If you have a guitar with sharp frets - read on for a number of quick and easy solutions...
OK, so you just purchased a beautiful used Epiphone or Squier Strat, (or similar quality/value/priced used guitar)... I'm sure it's amazing, the finish is to be admired, and the modern electronics on most affordable guitars are quite good, and the price was right...
BUT...the edges of the frets may feel like little razor blades......why?......quite simply it's the old "Time value of Money", or the cost of a factory spending additional production money/time on any finished good, especially affordable guitars from quality makers often times does not fit their final cost detail goals. Hand finished fret work adds significantly to the cost of production of many guitars.
Here's an animation video of an automated fret press used at the China guitar plants. It frets an entire guitar in 3 min. flat. Yes, that fast!
Unlike many high end guitars, (which commonly cost up to 10 times above a mass production guitar), a lot of the higher cost involved with the more costly guitars is the quality of the hand finished work on the frets, thus the savings on the lower value guitars can come from the lack of final finish work, especially in the fret edge department.
This does not mean your affordable Epi or Sq-fender or similar quality/value guitar can't have nice finished frets.
Here's a hand fret dressing in action, (very time consuming)...
When frets are installed using an automated fret press and dressed by a machine the detail for inconsistencies in the wood cannot be addressed. In the China plants, automation is a quality standardized method of fret installation and fret dressing.
Now, if you look closely at your similar style affordable guitar, you'll see that the sharp edges, are not addressed with the fret dress template from the China factory. This is the common reason for the concern, as the sharp edges in most cases are still there after the guitar leaves the factory and are not noticed until you slide the inside of your fingers or thumb up and down the fret-board.
Take a common household paper towel, and fold it into a square, hold it in the palm of your hand and move up and down the edge of the fret-board.....if you don't have sharp edges....the paper towel will not tear.
The paper towel will show signs of wear and tear if you do have sharp frets. While it may be minor, it takes away from the enjoyment of your new guitar, and the feeling of discomfort over time will drive you to play less or look for another guitar.
(1) Take it to a qualified luthier, or guitar repair person, and pay for a fret edge dressing. A good fret edge person will have the frets looking like guitar jewelry, and that's all well and good....until you get the bill..... and now your affordable guitar has just become an overpriced guitar.......so this option is the last option for most on a budget.

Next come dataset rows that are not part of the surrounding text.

lemma ns_function_sum:
  assumes "\<And>i. i \<in> I \<Longrightarrow> ns_function S (r i)"
  shows "ns_function S (\<lambda>a x. \<Sum>i\<in>I. r i a x)"
proof -
  have A: "\<forall>a x. (a \<notin> outputs S \<or> x \<notin> inputs S) \<longrightarrow> (\<Sum>i\<in>I. r i a x) = 0"
  proof (intro allI impI)
    fix a x assume "a \<notin> outputs S \<or> x \<notin> inputs S"
    then show "(\<Sum>i\<in>I. r i a x) = 0" using assms unfolding ns_function_def by (intro sum.neutral) blast
  qed
  have B: "\<forall>k<length S. \<forall>x\<in>inputs S. \<forall>x'\<in>inputs S. (\<forall>j<length S. j \<noteq> k \<longrightarrow> x!j = x'!j) \<longrightarrow>
      (\<forall>a\<in>outputs S. (\<Sum>c<snd (S!k). \<Sum>i\<in>I. r i (a[k:=c]) x) = (\<Sum>c<snd (S!k). \<Sum>i\<in>I. r i (a[k:=c]) x'))"
  proof (intro allI impI ballI)
    fix k x x' a assume k: "k < length S" and x: "x \<in> inputs S" and x': "x' \<in> inputs S"
      and ag: "\<forall>j<length S. j \<noteq> k \<longrightarrow> x ! j = x' ! j" and a: "a \<in> outputs S"
    have "(\<Sum>c<snd (S ! k). \<Sum>i\<in>I. r i (a[k := c]) x) = (\<Sum>i\<in>I. \<Sum>c<snd (S ! k). r i (a[k := c]) x)"
      by (rule sum.swap)
    also have "\<dots> = (\<Sum>i\<in>I. \<Sum>c<snd (S ! k). r i (a[k := c]) x')"
    proof (rule sum.cong[OF refl])
      fix i assume "i \<in> I"
      then have "ns_function S (r i)" by (rule assms)
      then show "(\<Sum>c<snd (S ! k). r i (a[k := c]) x) = (\<Sum>c<snd (S ! k). r i (a[k := c]) x')"
        using k x x' ag a unfolding ns_function_def by blast
    qed
    also have "\<dots> = (\<Sum>c<snd (S ! k). \<Sum>i\<in>I. r i (a[k := c]) x')"
      by (rule sum.swap)
    finally show "(\<Sum>c<snd (S ! k). \<Sum>i\<in>I. r i (a[k := c]) x) = (\<Sum>c<snd (S ! k). \<Sum>i\<in>I. r i (a[k := c]) x')" .
  qed
  show ?thesis unfolding ns_function_def using A B by (intro conjI)
qed
lemma exp_free_energy_split:
  fixes \<beta> Zi Zi' Zf Zf' a b c d :: real
  assumes "\<beta> \<noteq> 0" "Zi > 0" "Zi' > 0" "Zf > 0" "Zf' > 0"
  shows "exp (- \<beta> * ((c + d - a - b) - (- (1 / \<beta>) * ln ((Zf * Zf') / (Zi * Zi')))))
     = (Zi * exp (\<beta> * a)) * (Zi' * exp (\<beta> * b)) * ((exp (- \<beta> * c) / Zf) * (exp (- \<beta> * d) / Zf'))"
proof -
  define R where "R = (Zf * Zf') / (Zi * Zi')"
  have R: "R > 0" using assms by (simp add: R_def)
  have "- \<beta> * ((c + d - a - b) - (- (1 / \<beta>) * ln R)) = \<beta> * a + \<beta> * b + (- \<beta> * c) + (- \<beta> * d) - ln R"
    using assms by (simp add: field_simps)
  then have "exp (- \<beta> * ((c + d - a - b) - (- (1 / \<beta>) * ln R)))
      = exp (\<beta> * a) * exp (\<beta> * b) * exp (- \<beta> * c) * exp (- \<beta> * d) / R"
    using R by (simp add: exp_add exp_diff exp_minus field_simps)
  also have "\<dots> = (Zi * exp (\<beta> * a)) * (Zi' * exp (\<beta> * b)) * ((exp (- \<beta> * c) / Zf) * (exp (- \<beta> * d) / Zf'))"
    using assms by (simp add: R_def field_simps)
  finally show ?thesis by (simp add: R_def)
qed

lemma epm_avg_factor:
  assumes \<rho>: "\<rho> \<in> carrier_mat (dA*dB) (dA*dB)" and \<Phi>\<rho>: "\<Phi> \<rho> \<in> carrier_mat (dA*dB) (dA*dB)"
    and PiA: "\<forall>l<miA. PiA l \<in> carrier_mat dA dA" and PiB: "\<forall>l<miB. PiB l \<in> carrier_mat dB dB"
    and PfA: "\<forall>l<mfA. PfA l \<in> carrier_mat dA dA" and PfB: "\<forall>l<mfB. PfB l \<in> carrier_mat dB dB"
    and g: "\<And>lA lB kA kB. complex_of_real (g (EfA kA + EfB kB - EiA lA - EiB lB))
              = uA lA * uB lB * (wA kA * wB kB)"
  shows "epm_avg \<rho> \<Phi> miA EiA PiA miB EiB PiB mfA EfA PfA mfB EfB PfB g
     = mtrace (\<rho> * kron (msum dA (\<lambda>l. uA l \<cdot>\<^sub>m PiA l) {..<miA}) (msum dB (\<lambda>l. uB l \<cdot>\<^sub>m PiB l) {..<miB}))
     * mtrace (\<Phi> \<rho> * kron (msum dA (\<lambda>l. wA l \<cdot>\<^sub>m PfA l) {..<mfA}) (msum dB (\<lambda>l. wB l \<cdot>\<^sub>m PfB l) {..<mfB}))"
proof -
  have "epm_avg \<rho> \<Phi> miA EiA PiA miB EiB PiB mfA EfA PfA mfB EfB PfB g
     = (\<Sum>lA<miA. \<Sum>lB<miB. \<Sum>kA<mfA. \<Sum>kB<mfB.
          (uA lA * uB lB * mtrace (\<rho> * kron (PiA lA) (PiB lB)))
          * (wA kA * wB kB * mtrace (\<Phi> \<rho> * kron (PfA kA) (PfB kB))))"
    unfolding epm_avg_def g by (simp add: mult_ac)
  also have "\<dots> = (\<Sum>lA<miA. \<Sum>lB<miB. uA lA * uB lB * mtrace (\<rho> * kron (PiA lA) (PiB lB)))
     * (\<Sum>kA<mfA. \<Sum>kB<mfB. wA kA * wB kB * mtrace (\<Phi> \<rho> * kron (PfA kA) (PfB kB)))"
    by (simp only: sum_distrib_right) (simp only: sum_distrib_left)
  also have "\<dots> = mtrace (\<rho> * kron (msum dA (\<lambda>l. uA l \<cdot>\<^sub>m PiA l) {..<miA}) (msum dB (\<lambda>l. uB l \<cdot>\<^sub>m PiB l) {..<miB}))
     * mtrace (\<Phi> \<rho> * kron (msum dA (\<lambda>l. wA l \<cdot>\<^sub>m PfA l) {..<mfA}) (msum dB (\<lambda>l. wB l \<cdot>\<^sub>m PfB l) {..<mfB}))"
    by (simp only: mtrace_mult_kron_msum[OF \<rho> PiA PiB] mtrace_mult_kron_msum[OF \<Phi>\<rho> PfA PfB])
  finally show ?thesis .
qed

lemma minv_kron_gibbs:
  fixes \<beta> :: real
  assumes SA: "spectral_decomp dA HA mA EA PA" and dA: "dA \<ge> 1"
    and SB: "spectral_decomp dB HB mB EB PB" and dB: "dB \<ge> 1"
  shows "minv (kron (gibbs \<beta> HA) (gibbs \<beta> HB))
       = kron (msum dA (\<lambda>l. complex_of_real (partition_fn \<beta> HA * exp (\<beta> * EA l)) \<cdot>\<^sub>m PA l) {..<mA})
              (msum dB (\<lambda>l. complex_of_real (partition_fn \<beta> HB * exp (\<beta> * EB l)) \<cdot>\<^sub>m PB l) {..<mB})"
  by (rule minv_kron[OF gibbs_carrier[OF SA] msum_carrier gibbs_inverse[OF SA dA]
        gibbs_carrier[OF SB] msum_carrier gibbs_inverse[OF SB dB]])

lemma kron_gibbs_invertible:
  fixes \<beta> :: real
  assumes SA: "spectral_decomp dA HA mA EA PA" and dA: "dA \<ge> 1"
    and SB: "spectral_decomp dB HB mB EB PB" and dB: "dB \<ge> 1"
  shows "minv (kron (gibbs \<beta> HA) (gibbs \<beta> HB)) \<in> carrier_mat (dA * dB) (dA * dB)"
    and "kron (gibbs \<beta> HA) (gibbs \<beta> HB) * minv (kron (gibbs \<beta> HA) (gibbs \<beta> HB)) = 1\<^sub>m (dA * dB)"
  unfolding minv_kron_gibbs[OF assms]
  by (simp add: kron_carrier)
    (simp only: kron_mult[OF gibbs_carrier[OF SA] msum_carrier gibbs_carrier[OF SB] msum_carrier]
      gibbs_inverse(1)[OF SA dA] gibbs_inverse(1)[OF SB dB] kron_one_mat)

lemma epm_avg_exp_free_energy:
  fixes \<beta> :: real
  assumes "dA \<ge> 1" "dB \<ge> 1" "\<beta> \<noteq> 0"
    and SiA: "spectral_decomp dA HiA miA EiA PiA" and SiB: "spectral_decomp dB HiB miB EiB PiB"
    and SfA: "spectral_decomp dA HfA mfA EfA PfA" and SfB: "spectral_decomp dB HfB mfB EfB PfB"
    and \<rho>: "\<rho> \<in> carrier_mat (dA*dB) (dA*dB)" and \<Phi>\<rho>: "\<Phi> \<rho> \<in> carrier_mat (dA*dB) (dA*dB)"
  defines "\<Delta>F \<equiv> - (1 / \<beta>) * ln ((partition_fn \<beta> HfA * partition_fn \<beta> HfB)
                                 / (partition_fn \<beta> HiA * partition_fn \<beta> HiB))"
  shows "epm_avg \<rho> \<Phi> miA EiA PiA miB EiB PiB mfA EfA PfA mfB EfB PfB (\<lambda>\<Delta>E. exp (- \<beta> * (\<Delta>E - \<Delta>F)))
       = mtrace (\<rho> * minv (kron (gibbs \<beta> HiA) (gibbs \<beta> HiB)))
         * mtrace (\<Phi> \<rho> * kron (gibbs \<beta> HfA) (gibbs \<beta> HfB))"
proof -
  have split: "complex_of_real (exp (- \<beta> * ((EfA kA + EfB kB - EiA lA - EiB lB) - \<Delta>F)))
      = complex_of_real (partition_fn \<beta> HiA * exp (\<beta> * EiA lA))
        * complex_of_real (partition_fn \<beta> HiB * exp (\<beta> * EiB lB))
        * (complex_of_real (exp (- \<beta> * EfA kA) / partition_fn \<beta> HfA)
           * complex_of_real (exp (- \<beta> * EfB kB) / partition_fn \<beta> HfB))" for lA lB kA kB
    unfolding \<Delta>F_def
    by (simp only: exp_free_energy_split[OF \<open>\<beta> \<noteq> 0\<close> partition_fn_pos[OF SiA assms(1)]
        partition_fn_pos[OF SiB assms(2)] partition_fn_pos[OF SfA assms(1)] partition_fn_pos[OF SfB assms(2)]]
        of_real_mult[symmetric])
  show ?thesis
    unfolding minv_kron_gibbs[OF SiA assms(1) SiB assms(2)]
      gibbs_spectral_decomp[OF SfA] gibbs_spectral_decomp[OF SfB]
    by (rule epm_avg_factor[where \<Phi> = \<Phi>, OF \<rho> \<Phi>\<rho> spectral_decompD(2)[OF SiA] spectral_decompD(2)[OF SiB]
          spectral_decompD(2)[OF SfA] spectral_decompD(2)[OF SfB]])
      (rule split)
qed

(2) Purchase an ultimate fret end file, these are really really nice and if you've got the bucks required to purchase, it's a fine investment. Once you get the file, get a roll of blue painters tape and get ready for the next rainy Sunday afternoon you have free. There are few kits on the internet similar that offer just what you need and instructions to do a nice job for yourself.
If you have the time, it's not a difficult job to do. The job just requires removal of strings, time spent to 'painter tape off' the fret-board and neck (to avoid cosmetic damage). And, a few hours of fun. This is the best choice if your guitar has a maple fret-board and or creme or gloss binding. Best choice for an expensive guitar that needs fret edge work.
Ultimate Fret End File, is well worth the money and is the best I've seen for high quality fretboard work "done yourself."
Here's a great video breaking the filing process down:
Use a balanced concentration of pressure. Go evenly only on the fret-board edge, with even strokes, and over all areas as equal as possible. Only work the edge of the fret and fret board edge, not fret tops or fret board top. You'll find not only will the fret edge start to round out, and the sharp corners will round away, but also the sharp 90 degree wood edge of most fret-boards will round out also, (which gives it a nice worn vintage feel).
Only use on fret board edge, use conservatively until you develop a feel for it, never buff the play area on the frets, slow steady strokes with even pressure are best, don't over do it, use blue painters tape to protect all areas you don't want buffed.
A great way to finish off your fret-job is with a nail polishing block.
You can pick-up a package of these handy little items anywhere women's beauty products are sold. They're super cheap to purchase, (so don't go off and swipe your wife's or your girlfriends from her night-stand drawer).
These well-made little women's nail blocks work like magic for an absolutely fantastic final polishing of your fret-edge job in the home guitar workshop. Pick up a pack today, you won't be disappointed.
If the nail polishing blocks are not doing the trick on some of your tougher fret areas, you can also try stepping things up a notch by using a, "3 Way Emery Block." The 3-way emery block is a little more gritty and wears faster, but can add that extra shine and polish to your frets if needed.